The first part of the main story finds Cap assisting Spidey against the Sandman, stepping in just the nick of time and leaving Spidey a bit star struck. The second half of the tale gets a little wonky as the heroes team up against the Rogue Scholars, but I rolled with it and let it take me where it wanted to go. Throughout, I really dug Paulo Siqueira’s art. It felt sketchy and rough, but in the best possible way, and Fabio D’Auria’s colors had a muted tone that served the story well.

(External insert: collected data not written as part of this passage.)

(* Let $a,b,c$ be positive numbers with $a<b<c$ and $b-a<c_0<a$, where $c_0=c-\lfloor c/b\rfloor b$. Then $$\mathcal D_{a,b,c}=\Big(\mathcal S_{a,b,c}\cap([0,c_0+a-b)+a\mathbb Z)\cap(\mathcal S_{a,b,c}-\lfloor c/b\rfloor b)\Big)\cup\Big(\mathcal S_{a,b,c}\cap\bigcup_{\lambda\in b\mathbb Z\cap[b,(\lfloor c/b\rfloor-1)b]}(\mathcal S_{a,b,c}-\lambda)\Big).$$
   Context: For $a,b,c>0$ and $t\in\mathbb R$, $\mathbf M_{a,b,c}(t)=(\chi_{[0,c)}(t-\mu+\lambda))_{\mu\in a\mathbb Z,\lambda\in b\mathbb Z}$ is the infinite matrix with rows indexed by $a\mathbb Z$ and columns by $b\mathbb Z$, acting by $(\mathbf M_{a,b,c}(t)\mathbf x)(\mu)=\sum_{\lambda\in b\mathbb Z}\chi_{[0,c)}(t-\mu+\lambda)\mathbf x(\lambda)$. $\mathcal B_b$ is the set of vectors $(\mathbf x(\lambda))_{\lambda\in b\mathbb Z}$ with entries in $\{0,1\}$, and $\mathcal B_b^0=\{\mathbf x\in\mathcal B_b:\mathbf x(0)=1\}$. $\mathbf 1,\mathbf 2$ denote the vectors indexed by $a\mathbb Z$ with all entries $1$, resp. $2$. $\mathcal D_{a,b,c}=\{t:\mathbf M_{a,b,c}(t)\mathbf x=\mathbf 2\text{ for some }\mathbf x\in\mathcal B_b^0\}$, $\mathcal S_{a,b,c}=\{t:\mathbf M_{a,b,c}(t)\mathbf x=\mathbf 1\text{ for some }\mathbf x\in\mathcal B_b^0\}$. For $A\subset\mathbb R$, $A-r=\{x-r:x\in A\}$ and $A+a\mathbb Z=\{x+ak:x\in A,k\in\mathbb Z\}$. *)

theory Defs
  imports "HOL-Analysis.Analysis"
begin
(*
  Write u = x $ i1. Where u \<noteq> 0, f is linear near x with gradient (a sgn u, 1, ..., 1), so along
  the steepest-descent ray f is piecewise linear with a single kink at t = |u| / a. Before the
  kink the Armijo condition holds but the slope has not changed, so the Wolfe condition fails and
  the bracketing search keeps doubling t; between |u|/a and 2|u|/a the slope has become nonnegative
  (since a^2 \<ge> n - 1) and tau \<le> 0 gives Armijo, so the first doubled trial past the kink,
  2^r, is accepted. This fails only if some trial hits the kink exactly. Every trial step is
  rational, so every iterate has first coordinate x0 $ i1 + a q with q rational; hitting a kink
  therefore confines x0 $ i1 to a countable set, which is Gaussian-null.
*)
theory Submission
  imports Defs
begin

definition fobj_grad :: "real \<Rightarrow> 'n::finite \<Rightarrow> real ^ 'n \<Rightarrow> real ^ 'n" where
  "fobj_grad a i1 p = (\<chi> i. if i = i1 then a * sgn (p $ i1) else 1)"

lemma inner_fobj_grad:
  "fobj_grad a i1 p \<bullet> v = a * sgn (p $ i1) * v $ i1 + (\<Sum>i\<in>UNIV - {i1}. v $ i)"
proof -
  have "fobj_grad a i1 p \<bullet> v = (\<Sum>i\<in>UNIV. fobj_grad a i1 p $ i * v $ i)"
    by (simp add: inner_vec_def)
  also have "\<dots> = fobj_grad a i1 p $ i1 * v $ i1 + (\<Sum>i\<in>UNIV - {i1}. fobj_grad a i1 p $ i * v $ i)"
    by (simp add: sum.remove)
  also have "(\<Sum>i\<in>UNIV - {i1}. fobj_grad a i1 p $ i * v $ i) = (\<Sum>i\<in>UNIV - {i1}. v $ i)"
    by (rule sum.cong) (auto simp: fobj_grad_def)
  finally show ?thesis by (simp add: fobj_grad_def)
qed

lemma sum_other_coords_const: "(\<Sum>i\<in>UNIV - {i1::'n::finite}. c) = (real CARD('n) - 1) * c"
  by (simp add: card_Diff_singleton)

lemma inner_fobj_grad_fobj_grad:
  fixes p q :: "real ^ 'n::finite"
  shows "fobj_grad a i1 p \<bullet> fobj_grad a i1 q
     = a\<^sup>2 * sgn (p $ i1) * sgn (q $ i1) + (real CARD('n) - 1)"
  by (simp add: inner_fobj_grad sum_other_coords_const power2_eq_square)
    (simp add: fobj_grad_def)

lemma fobj_eq_inner_fobj_grad:
  assumes "sgn (y $ i1) = sgn (p $ i1)"
  shows "fobj a i1 y = fobj_grad a i1 p \<bullet> y"
  using assms by (simp add: fobj_def inner_fobj_grad abs_sgn)

lemma has_grad_fobj:
  fixes p :: "real ^ 'n::finite"
  assumes "p $ i1 \<noteq> 0"
  shows "has_grad (fobj a i1) (fobj_grad a i1 p) p"
proof -
  define U where "U = {y :: real ^ 'n. 0 < sgn (p $ i1) * y $ i1}"
  have "open U"
    unfolding U_def by (rule open_Collect_less) (auto intro!: continuous_intros)
  moreover have "p \<in> U"
    using assms by (auto simp: U_def sgn_if)
  moreover have "fobj_grad a i1 p \<bullet> y = fobj a i1 y" if "y \<in> U" for y
    using that by (intro fobj_eq_inner_fobj_grad[symmetric]) (auto simp: U_def sgn_if split: if_splits)
  moreover have "((\<lambda>y. fobj_grad a i1 p \<bullet> y) has_derivative (\<lambda>h. fobj_grad a i1 p \<bullet> h)) (at p)"
    by (auto intro!: derivative_eq_intros)
  ultimately show ?thesis
    unfolding has_grad_def by (metis has_derivative_transform_within_open)
qed

lemma has_grad_unique:
  assumes "has_grad f g p" and "has_grad f g' p"
  shows "g = g'"
proof -
  have "(\<lambda>h. g \<bullet> h) = (\<lambda>h. g' \<bullet> h)"
    using assms unfolding has_grad_def by (rule has_derivative_unique)
  then show ?thesis
    by (metis vector_eq_rdot)
qed

lemma grad_eqI: "has_grad f g p \<Longrightarrow> grad f p = g"
  unfolding grad_def using has_grad_unique by blast

lemma grad_fobj: "p $ i1 \<noteq> 0 \<Longrightarrow> grad (fobj a i1) p = fobj_grad a i1 p"
  by (rule grad_eqI[OF has_grad_fobj])

lemma abs_kink_not_has_real_derivative:
  assumes "a > 0"
  shows "\<not> ((\<lambda>h. a * \<bar>h\<bar> + c) has_real_derivative D) (at 0)"
proof
  assume D: "((\<lambda>h. a * \<bar>h\<bar> + c) has_real_derivative D) (at 0)"
  have "D = 0"
    by (rule DERIV_local_min[OF D, of 1]) (use assms in auto)
  moreover have "D - a = 0"
    using DERIV_diff[OF D DERIV_cmult_Id[of a 0]]
    by (rule DERIV_local_min[of _ _ _ 1]) (use assms in \<open>auto simp: abs_if mult_le_0_iff\<close>)
  ultimately show False
    using assms by simp
qed

lemma not_differentiable_fobj:
  fixes p :: "real ^ 'n::finite"
  assumes "a > 0" and "p $ i1 = 0"
  shows "\<not> fobj a i1 differentiable (at p)"
proof
  assume "fobj a i1 differentiable (at p)"
  moreover have "(\<lambda>h::real. p + h *\<^sub>R axis i1 1) differentiable (at 0)"
    by (auto intro!: derivative_intros)
  ultimately have "fobj a i1 \<circ> (\<lambda>h. p + h *\<^sub>R axis i1 1) differentiable (at 0)"
    by (metis (no_types, lifting) add.right_neutral differentiable_chain_at scale_zero_left)
  moreover have "fobj a i1 \<circ> (\<lambda>h. p + h *\<^sub>R axis i1 1) = (\<lambda>h. a * \<bar>h\<bar> + (\<Sum>i\<in>UNIV - {i1}. p $ i))"
    using assms(2) by (auto simp: fobj_def axis_def intro!: sum.cong)
  ultimately show False
    using abs_kink_not_has_real_derivative[OF assms(1)] by (metis real_differentiable_def)
qed

lemma fobj_descent_coord:
  assumes "x $ i1 \<noteq> 0"
  shows "(x - t *\<^sub>R grad (fobj a i1) x) $ i1 = sgn (x $ i1) * (\<bar>x $ i1\<bar> - t * a)"
  using assms by (simp add: grad_fobj fobj_grad_def abs_sgn algebra_simps)

lemma fobj_along_descent:
  fixes x :: "real ^ 'n::finite"
  assumes "x $ i1 \<noteq> 0"
  shows "fobj a i1 (x - t *\<^sub>R grad (fobj a i1) x)
           = fobj a i1 x + a * (\<bar>\<bar>x $ i1\<bar> - t * a\<bar> - \<bar>x $ i1\<bar>) - t * (real CARD('n) - 1)"
proof -
  have "(\<Sum>i\<in>UNIV - {i1}. (x - t *\<^sub>R grad (fobj a i1) x) $ i) = (\<Sum>i\<in>UNIV - {i1}. x $ i - t)"
    using assms by (intro sum.cong) (auto simp: grad_fobj fobj_grad_def)
  moreover have "\<bar>(x - t *\<^sub>R grad (fobj a i1) x) $ i1\<bar> = \<bar>\<bar>x $ i1\<bar> - t * a\<bar>"
    by (simp only: fobj_descent_coord[OF assms]) (simp add: abs_mult assms)
  ultimately show ?thesis
    unfolding fobj_def by (simp add: sum_subtractf sum_other_coords_const algebra_simps)
qed

lemma inner_grad_fobj_self:
  fixes x :: "real ^ 'n::finite"
  assumes "x $ i1 \<noteq> 0"
  shows "grad (fobj a i1) x \<bullet> grad (fobj a i1) x = a\<^sup>2 + (real CARD('n) - 1)"
  using assms by (simp add: grad_fobj inner_fobj_grad_fobj_grad)

lemma armijo_fobj_descent_iff:
  fixes x :: "real ^ 'n::finite"
  assumes "x $ i1 \<noteq> 0"
  shows "armijo (fobj a i1) c1 x (- grad (fobj a i1) x) t \<longleftrightarrow>
           a * (\<bar>\<bar>x $ i1\<bar> - t * a\<bar> - \<bar>x $ i1\<bar>) - t * (real CARD('n) - 1)
             \<le> - c1 * t * (a\<^sup>2 + (real CARD('n) - 1))"
  using assms
  by (simp add: armijo_def fobj_along_descent inner_grad_fobj_self) (simp add: algebra_simps)

lemma wolfe_fobj_descent_iff:
  fixes x :: "real ^ 'n::finite"
  assumes "x $ i1 \<noteq> 0" and "t * a \<noteq> \<bar>x $ i1\<bar>"
  shows "wolfe (fobj a i1) c2 x (- grad (fobj a i1) x) t \<longleftrightarrow>
           a\<^sup>2 * sgn (\<bar>x $ i1\<bar> - t * a) + (real CARD('n) - 1) \<le> c2 * (a\<^sup>2 + (real CARD('n) - 1))"
proof -
  define y where "y = x - t *\<^sub>R grad (fobj a i1) x"
  have y: "y $ i1 = sgn (x $ i1) * (\<bar>x $ i1\<bar> - t * a)"
    unfolding y_def using assms(1) by (rule fobj_descent_coord)
  then have "y $ i1 \<noteq> 0"
    using assms by (auto simp: sgn_0_0)
  then have "has_grad (fobj a i1) (fobj_grad a i1 y) y"
    by (rule has_grad_fobj)
  moreover have "x + t *\<^sub>R (- grad (fobj a i1) x) = y"
    by (simp add: y_def)
  ultimately have "wolfe (fobj a i1) c2 x (- grad (fobj a i1) x) t \<longleftrightarrow>
      fobj_grad a i1 y \<bullet> (- grad (fobj a i1) x) \<ge> c2 * (grad (fobj a i1) x \<bullet> (- grad (fobj a i1) x))"
    unfolding wolfe_def using has_grad_unique by metis
  moreover have "sgn (y $ i1) * sgn (x $ i1) = sgn (\<bar>x $ i1\<bar> - t * a)"
    using assms(1) by (simp add: y sgn_mult)
  ultimately show ?thesis
    using assms(1)
    by (simp add: grad_fobj inner_fobj_grad_fobj_grad mult.assoc) (auto simp: algebra_simps)
qed

lemma fobj_armijo_not_wolfe_before_kink:
  fixes x :: "real ^ 'n::finite"
  assumes "a > 0" and "c1 < 1" and "c2 < 1" and "x $ i1 \<noteq> 0"
    and "0 \<le> t" and "t * a < \<bar>x $ i1\<bar>"
  shows "armijo (fobj a i1) c1 x (- grad (fobj a i1) x) t \<and>
         \<not> wolfe (fobj a i1) c2 x (- grad (fobj a i1) x) t"
proof -
  define K where "K = a\<^sup>2 + (real CARD('n) - 1)"
  have "K > 0"
    unfolding K_def using assms(1) by (simp add: add_pos_nonneg)
  have "a * (\<bar>\<bar>x $ i1\<bar> - t * a\<bar> - \<bar>x $ i1\<bar>) - t * (real CARD('n) - 1) = - t * K"
    using assms(6) by (simp add: K_def power2_eq_square algebra_simps)
  moreover have "- t * K \<le> - c1 * t * K"
    using mult_left_le[of c1 "t * K"] assms(2,5) \<open>K > 0\<close> by (simp add: ac_simps)
  moreover have "\<not> a\<^sup>2 + (real CARD('n) - 1) \<le> c2 * K"
    using assms(3) \<open>K > 0\<close> by (simp add: K_def)
  ultimately show ?thesis
    using assms by (simp add: armijo_fobj_descent_iff wolfe_fobj_descent_iff K_def)
qed

lemma fobj_armijo_wolfe_past_kink:
  fixes x :: "real ^ 'n::finite"
  assumes "a > 0" and "0 < c1" and "c1 < c2"
    and "real CARD('n) - 1 \<le> a\<^sup>2"
    and "c1 * a\<^sup>2 + (real CARD('n) - 1) * (c1 - 1) \<le> 0"
    and "x $ i1 \<noteq> 0" and "\<bar>x $ i1\<bar> < t * a" and "t * a < 2 * \<bar>x $ i1\<bar>"
  shows "armijo (fobj a i1) c1 x (- grad (fobj a i1) x) t \<and>
         wolfe (fobj a i1) c2 x (- grad (fobj a i1) x) t"
proof -
  define m where "m = real CARD('n) - 1"
  have "t > 0"
    using assms(1,7) by (smt (verit) zero_less_mult_pos2)
  have "t * a\<^sup>2 < 2 * a * \<bar>x $ i1\<bar>"
    using mult_strict_left_mono[OF assms(8) assms(1)] by (simp add: power2_eq_square algebra_simps)
  moreover have "c1 * t * a\<^sup>2 + c1 * t * m - t * m \<le> 0"
    using mult_nonneg_nonpos[OF less_imp_le[OF \<open>t > 0\<close>] assms(5)]
    by (simp add: m_def algebra_simps)
  ultimately have "a * (\<bar>\<bar>x $ i1\<bar> - t * a\<bar> - \<bar>x $ i1\<bar>) - t * m \<le> - c1 * t * (a\<^sup>2 + m)"
    using assms(7) by (simp add: power2_eq_square algebra_simps)
  moreover have "0 \<le> c2 * (a\<^sup>2 + m)"
    using assms(2,3) by (simp add: m_def)
  then have "a\<^sup>2 * sgn (\<bar>x $ i1\<bar> - t * a) + m \<le> c2 * (a\<^sup>2 + m)"
    using assms(4,7) by (simp add: m_def)
  ultimately show ?thesis
    using assms by (simp add: armijo_fobj_descent_iff wolfe_fobj_descent_iff m_def)
qed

The backup story was a bit of a letdown for me. As someone who was out
of comics during the ’90s, I wasn’t familiar with Untold Tales of Spider-Man, and as much as I’ve enjoyed Pat Olliffe’s work on Peter Parker, I wasn’t really digging on his stuff here. The Kurt Busiek story starring Spider-Man and Stan Lee is the kind that sometimes works and sometimes falls flat. Here, flat. It was 15 pages I would have rather seen devoted to expanding the main story to something a little more epic. This is an Annual, after all.

Not to get all crotchety and “get off my lawn, you damn kids,” but I don’t remember backups that felt like filler in the annuals of my youth. I remember the annuals of the ’80s as king-size versions of the Spidey/Cap tale here. Like Amazing Spider-Man Annual #16 from 1982, which tells the origin of Monica Rambeau’s Captain Marvel and guest starring the entire Marvel Universe! (That one had a couple of nice one-page pin-ups: “The Many Loves of Peter Parker” and “Imagine How Much Fun It Must Be to Work at The Daily Bugle” that felt appropriate and right at home.) Or Fantastic Four Annual #18 from 1984 with the wedding of Black Bolt and Medusa. On the other hand, this 2010 Amazing Spider-Man Annual felt kinda like a regular issue with a backup story tacked inside.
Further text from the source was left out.